Getting morning-after pill still far from simple

By Patrick Sullivan

California women in need of emergency contraception can now obtain the so-called morning-after pill without a doctor’s prescription. At least that’s how the process is supposed to work under a new state law that went into effect Jan. 1.

But don’t count on waltzing into a local pharmacy and getting the drug anytime soon. “I just asked the pharmacist, and she says you need a prescription,” explains an employee at a Longs Drugs in Santa Rosa. “I don’t know, maybe you should try one of those little clinics.”

That’s exactly the kind of delay and uncertainty the new law is supposed to end. The morning-after pill–actually a combination of ordinary birth control pills–can prevent pregnancy after unprotected sex. However, the first dose must be taken within 72 hours, so the law aims to speed access by cutting out the need to see a doctor.

But it turns out that pharmacies can’t start dispensing the drug until state officials finish developing a mandated curriculum to educate participating pharmacists, according to Steve Smith, communications manager with the legislative arm of Planned Parenthood.

“The process is expected to be completed some time in April,” Smith says. “That’s when people should actually be able to use the law as it’s intended.”

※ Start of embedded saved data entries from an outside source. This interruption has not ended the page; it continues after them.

text \<open>A (0,2)-tensor field on R^n: at each point p, tau p is a bilinear form.\<close>
type_synonym 'n tensor02 = "real^'n \<Rightarrow> real^'n \<Rightarrow> real^'n \<Rightarrow> real"

definition rdist :: "real^'n \<Rightarrow> real^'n \<Rightarrow> real" where
  "rdist x y = norm (x - y)"

definition Ndir :: "real^'n \<Rightarrow> real^'n \<Rightarrow> real^'n" where
  "Ndir x y = (1 / norm (y - x)) *\<^sub>R (y - x)"

definition theta :: "real \<Rightarrow> real^'n \<Rightarrow> real^'n \<Rightarrow> real^'n" where
  "theta s x y = x + s *\<^sub>R Ndir x y"

definition Etau :: "'n tensor02 \<Rightarrow> real^'n \<Rightarrow> real^'n \<Rightarrow> real" where
  "Etau \<tau> x y = integral {0..rdist x y} (\<lambda>s. \<tau> (theta s x y) (Ndir x y) (Ndir x y))"

text \<open>Covariant derivative (flat Levi-Civita connection of R^n) of a (0,2)-tensor field
  in direction u: componentwise directional derivative.\<close>
definition cov_deriv :: "real^'n \<Rightarrow> 'n tensor02 \<Rightarrow> 'n tensor02" where
  "cov_deriv u \<tau> = (\<lambda>p v w. frechet_derivative (\<lambda>q. \<tau> q v w) (at p) u)"

end

theory Submission
  imports Defs
begin

(* Rescaling [0, |y_t - x_t|] to the fixed interval [0, r], r = |y0 - x0|, gives
     E_tau(x0 + t v, y0 - t v) = 1 / (r |D_t|) * int_0^r tau(theta s + t (1 - 2 s / r) v)(D_t, D_t) ds
   with D_t = r N - 2 t v.  Expanding the bilinear form in t and differentiating under the
   integral sign gives, for every direction v, the derivative
     E_{nabla_v tau} - 2 / r * int_0^r (s tau_{NN;v} + 2 tau(v, N)) ds + 2 (v . N) / r * E_tau.
   For v orthogonal to N the last term vanishes; for v = N the integrand s tau_{NN;N} + tau_{NN}
   is the derivative of s tau_{NN}(theta s), which integrates to r tau_{NN}(y0). *)

lemma smooth_on_differentiable: "smooth_on S f \<Longrightarrow> x \<in> S \<Longrightarrow> f differentiable (at x)"
  by (erule smooth_on.cases) auto

lemma smooth_on_directional_derivative:
  "smooth_on S f \<Longrightarrow> smooth_on S (\<lambda>x. frechet_derivative f (at x) v)"
  by (erule smooth_on.cases) auto

lemma smooth_on_imp_continuous_on: "smooth_on S f \<Longrightarrow> continuous_on S f"
  by (meson differentiable_at_withinI differentiable_imp_continuous_on differentiable_on_def
      smooth_on_differentiable)

lemma integral_rescale_interval:
  fixes f :: "real \<Rightarrow> real"
  assumes "a > 0" "b > 0"
  shows "integral {0..a} f = a / b * integral {0..b} (\<lambda>s. f (a / b * s))"
proof -
  have "(\<lambda>x. x / (a / b)) ` {0..a} = {0..b}"
    using assms by (auto simp: image_iff field_simps intro!: bexI[where x="a / b * _"])
  then show ?thesis
    using integral_stretch_real[of "a / b" 0 a f] assms by simp
qed

lemma integral_linear_weight_split:
  fixes C T :: "real \<Rightarrow> real"
  assumes "continuous_on {0..r} C" "continuous_on {0..r} T" "r \<noteq> 0"
  shows "integral {0..r} (\<lambda>s. (1 - 2 * s / r) * C s) - 4 / r * integral {0..r} T
    = integral {0..r} C - 2 / r * integral {0..r} (\<lambda>s. s * C s + 2 * T s)"
proof -
  have C: "C integrable_on {0..r}" and sC: "(\<lambda>s. s * C s) integrable_on {0..r}"
    and T: "T integrable_on {0..r}"
    using assms by (auto intro!: integrable_continuous_interval continuous_intros)
  have "integral {0..r} (\<lambda>s. (1 - 2 * s / r) * C s) = integral {0..r} (\<lambda>s. C s - 2 / r * (s * C s))"
    by (rule integral_cong) (simp add: algebra_simps)
  also have "\<dots> = integral {0..r} C - 2 / r * integral {0..r} (\<lambda>s. s * C s)"
    by (simp only: integral_diff[OF C integrable_on_mult_right[OF sC]] integral_mult_right)
  moreover have "integral {0..r} (\<lambda>s. s * C s + 2 * T s)
      = integral {0..r} (\<lambda>s. s * C s) + 2 * integral {0..r} T"
    using sC T by (simp add: integral_add integrable_on_mult_right)
  ultimately show ?thesis
    using assms(3) by (simp add: field_simps)
qed

lemma has_real_derivative_norm_opposite_shift:
  fixes N v :: "'a::real_inner"
  assumes "r > 0" "norm N = 1"
  shows "((\<lambda>t. norm (r *\<^sub>R N - (2 * t) *\<^sub>R v)) has_real_derivative - 2 * (v \<bullet> N)) (at 0)"
proof -
  have "(\<lambda>t. norm (r *\<^sub>R N - (2 * t) *\<^sub>R v))
      = (\<lambda>t. sqrt (r\<^sup>2 - 4 * r * t * (v \<bullet> N) + 4 * t\<^sup>2 * (v \<bullet> v)))"
    unfolding norm_eq_sqrt_inner using assms(2)[unfolded norm_eq_1]
    by (simp add: inner_diff_left inner_diff_right inner_commute power2_eq_square algebra_simps)
  then show ?thesis
    using assms(1) by (auto intro!: derivative_eq_intros simp: power2_eq_square)
qed

lemma theta_eq: "x \<noteq> y \<Longrightarrow> theta s x y = x + (s / rdist x y) *\<^sub>R (y - x)"
  by (simp add: theta_def Ndir_def rdist_def norm_minus_commute)

lemma Ndir_scaled: "x \<noteq> y \<Longrightarrow> y - x = rdist x y *\<^sub>R Ndir x y"
  by (simp add: Ndir_def rdist_def norm_minus_commute)

lemma rdist_pos: "x \<noteq> y \<Longrightarrow> rdist x y > 0"
  by (simp add: rdist_def)

lemma norm_Ndir: "x \<noteq> y \<Longrightarrow> norm (Ndir x y) = 1"
  by (simp add: Ndir_def)

lemma theta_rdist: "x \<noteq> y \<Longrightarrow> theta (rdist x y) x y = y"
  using rdist_pos[of x y] by (simp add: theta_eq)

lemma Etau_rescaled:
  assumes "x \<noteq> y" "b > 0"
  shows "Etau \<tau> x y
    = rdist x y / b * integral {0..b} (\<lambda>s. \<tau> (x + (s / b) *\<^sub>R (y - x)) (Ndir x y) (Ndir x y))"
  using integral_rescale_interval[OF rdist_pos[OF assms(1)] assms(2)] rdist_pos[OF assms(1)]
  by (simp add: Etau_def theta_eq[OF assms(1)])

lemma continuous_on_theta: "continuous_on S (\<lambda>s. theta s x y)"
  unfolding theta_def by (intro continuous_intros)

locale smooth_symmetric_tensor_field =
  fixes \<Omega> :: "(real^'n) set" and \<tau> :: "'n tensor02"
  assumes open_domain: "open \<Omega>" and convex_domain: "convex \<Omega>"
    and bilinear_tensor: "\<And>p. p \<in> \<Omega> \<Longrightarrow> bilinear (\<tau> p)"
    and symmetric_tensor: "\<And>p v w. p \<in> \<Omega> \<Longrightarrow> \<tau> p v w = \<tau> p w v"
    and smooth_components: "\<And>v w. smooth_on \<Omega> (\<lambda>p. \<tau> p v w)"
begin

lemma has_derivative_tensor:
  "p \<in> \<Omega> \<Longrightarrow> ((\<lambda>q. \<tau> q a b) has_derivative (\<lambda>w. cov_deriv w \<tau> p a b)) (at p)"
  unfolding cov_deriv_def
  using smooth_on_differentiable[OF smooth_components] frechet_derivative_works by blast

lemma cov_deriv_scaleR: "p \<in> \<Omega> \<Longrightarrow> cov_deriv (c *\<^sub>R w) \<tau> p a b = c * cov_deriv w \<tau> p a b"
  using linear.scaleR[OF has_derivative_linear[OF has_derivative_tensor]] by simp

lemma continuous_on_tensor: "continuous_on \<Omega> (\<lambda>p. \<tau> p a b)"
  by (rule smooth_on_imp_continuous_on[OF smooth_components])

lemma continuous_on_cov_deriv: "continuous_on \<Omega> (\<lambda>p. cov_deriv w \<tau> p a b)"
  unfolding cov_deriv_def
  by (rule smooth_on_imp_continuous_on[OF smooth_on_directional_derivative[OF smooth_components]])

lemma tensor_chain_rule:
  assumes "\<gamma> t \<in> \<Omega>" and "(\<gamma> has_vector_derivative \<gamma>') (at t within S)"
  shows "((\<lambda>t. \<tau> (\<gamma> t) a b) has_real_derivative cov_deriv \<gamma>' \<tau> (\<gamma> t) a b) (at t within S)"
  using vector_derivative_diff_chain_within[OF assms(2)
      has_derivative_at_withinI[OF has_derivative_tensor[OF assms(1)]]]
  unfolding has_real_derivative_iff_has_vector_derivative o_def .

lemma tensor_scaleR_both: "p \<in> \<Omega> \<Longrightarrow> \<tau> p (c *\<^sub>R a) (c *\<^sub>R b) = c\<^sup>2 * \<tau> p a b"
  using bilinear_tensor
  by (simp add: bilinear_lmul bilinear_rmul power2_eq_square)

lemma tensor_diff_square:
  assumes "p \<in> \<Omega>"
  shows "\<tau> p (c *\<^sub>R a - d *\<^sub>R b) (c *\<^sub>R a - d *\<^sub>R b)
    = c\<^sup>2 * \<tau> p a a - 2 * c * d * \<tau> p b a + d\<^sup>2 * \<tau> p b b"
  using bilinear_tensor[OF assms] symmetric_tensor[OF assms, of a b]
  by (simp add: bilinear_lsub bilinear_rsub bilinear_lmul bilinear_rmul power2_eq_square
      algebra_simps)

lemma continuous_on_tensor_along:
  "continuous_on S q \<Longrightarrow> q ` S \<subseteq> \<Omega> \<Longrightarrow> continuous_on S (\<lambda>s. \<tau> (q s) a b)"
  by (rule continuous_on_compose2[OF continuous_on_tensor])

lemma continuous_on_cov_deriv_along:
  "continuous_on S q \<Longrightarrow> q ` S \<subseteq> \<Omega> \<Longrightarrow> continuous_on S (\<lambda>s. cov_deriv w \<tau> (q s) a b)"
  by (rule continuous_on_compose2[OF continuous_on_cov_deriv])

lemma has_real_derivative_integral_tensor_shift:
  fixes c d :: real
  assumes p: "continuous_on {c..d} p" and \<phi>: "continuous_on {c..d} \<phi>" and "\<delta> > 0"
    and in_domain: "\<And>t s. \<bar>t\<bar> \<le> \<delta> \<Longrightarrow> s \<in> {c..d} \<Longrightarrow> p s + (t * \<phi> s) *\<^sub>R v \<in> \<Omega>"
  shows "((\<lambda>t. integral {c..d} (\<lambda>s. \<tau> (p s + (t * \<phi> s) *\<^sub>R v) a b)) has_real_derivative
           integral {c..d} (\<lambda>s. \<phi> s * cov_deriv v \<tau> (p s) a b)) (at 0)"
proof -
  define U where "U = {-\<delta>..\<delta>}"
  define Q where "Q t s = p s + (t * \<phi> s) *\<^sub>R v" for t s
  have Q_in: "Q t s \<in> \<Omega>" if "t \<in> U" "s \<in> {c..d}" for t s
    using in_domain that by (auto simp: Q_def U_def)
  have Q_deriv: "((\<lambda>t. Q t s) has_vector_derivative \<phi> s *\<^sub>R v) (at t within U)" for t s
    unfolding Q_def has_vector_derivative_def by (auto intro!: derivative_eq_intros)
  have deriv: "((\<lambda>t. \<tau> (Q t s) a b) has_real_derivative \<phi> s * cov_deriv v \<tau> (Q t s) a b)
      (at t within U)" if "t \<in> U" "s \<in> {c..d}" for t s
    using tensor_chain_rule[OF Q_in[OF that] Q_deriv] cov_deriv_scaleR[OF Q_in[OF that]] by simp
  have "continuous_on (U \<times> {c..d}) (\<lambda>z. Q (fst z) (snd z))"
    unfolding Q_def
    by (intro continuous_intros continuous_on_compose2[OF p] continuous_on_compose2[OF \<phi>]) auto
  then have "continuous_on (U \<times> {c..d}) (\<lambda>(t, s). \<phi> s * cov_deriv v \<tau> (Q t s) a b)"
    unfolding split_beta using Q_in
    by (intro continuous_intros continuous_on_compose2[OF \<phi>] continuous_on_cov_deriv_along) auto
  moreover have "(\<lambda>s. \<tau> (Q t s) a b) integrable_on {c..d}" if "t \<in> U" for t
    unfolding Q_def
    by (intro integrable_continuous_interval continuous_on_tensor_along continuous_intros p \<phi>)
      (use in_domain that in \<open>auto simp: U_def\<close>)
  ultimately have "((\<lambda>t. integral (cbox c d) (\<lambda>s. \<tau> (Q t s) a b)) has_real_derivative
      integral (cbox c d) (\<lambda>s. \<phi> s * cov_deriv v \<tau> (Q 0 s) a b)) (at 0 within U)"
    using \<open>\<delta> > 0\<close> by (intro leibniz_rule_field_derivative deriv) (auto simp: U_def box_real)
  moreover have "at 0 within U = at 0"
    using \<open>\<delta> > 0\<close> by (intro at_within_interior) (simp add: U_def)
  ultimately show ?thesis
    by (simp add: Q_def box_real)
qed

lemma opposite_shift_in_domain:
  assumes "x + t *\<^sub>R v \<in> \<Omega>" "y - t *\<^sub>R v \<in> \<Omega>" "x \<noteq> y" "s \<in> {0..rdist x y}"
  shows "theta s x y + (t * (1 - 2 * s / rdist x y)) *\<^sub>R v \<in> \<Omega>"
proof -
  define u where "u = s / rdist x y"
  have "u \<in> {0..1}"
    using assms(4) rdist_pos[OF assms(3)] by (auto simp: u_def field_simps)
  moreover have "theta s x y + (t * (1 - 2 * s / rdist x y)) *\<^sub>R v
      = (1 - u) *\<^sub>R (x + t *\<^sub>R v) + u *\<^sub>R (y - t *\<^sub>R v)"
    by (simp add: theta_eq[OF assms(3)] u_def vec_eq_iff algebra_simps)
  ultimately show ?thesis
    using assms(1,2) convex_domain by (auto simp: convex_alt)
qed

lemma theta_in_domain:
  assumes "x \<in> \<Omega>" "y \<in> \<Omega>" "x \<noteq> y" "s \<in> {0..rdist x y}"
  shows "theta s x y \<in> \<Omega>"
  using opposite_shift_in_domain[of x 0 0 y s] assms by simp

The morning-after pill has faced fierce opposition from pro-life groups, who argue that the new law could lead to dangerous misuse of the FDA-approved treatment. The law’s supporters, including the California Medical Association, say it’s a safe and effective way to cut down on unintended pregnancy.

California is only the second state in the nation to permit pharmacists to dispense the drug without a prescription. Morning-after pill advocates say that’s a shame. “There are some statistics that say more commonly available emergency contraception could prevent more than 1 million pregnancies a year [in America] and more than 800,000 abortions,” Smith says.

Last Night

About 12,000 people braved uncertain weather to attend Santa Rosa’s First Night celebration on New Year’s Eve. But that turnout may not be enough to ensure the survival of the alcohol-free arts and music event.

One big problem: Only 5,000 First Night attendees actually bought the $7-$10 buttons that allow access to indoor attractions, according to the Cultural Arts Council of Sonoma County, which is currently reconsidering its longtime sponsorship of the event.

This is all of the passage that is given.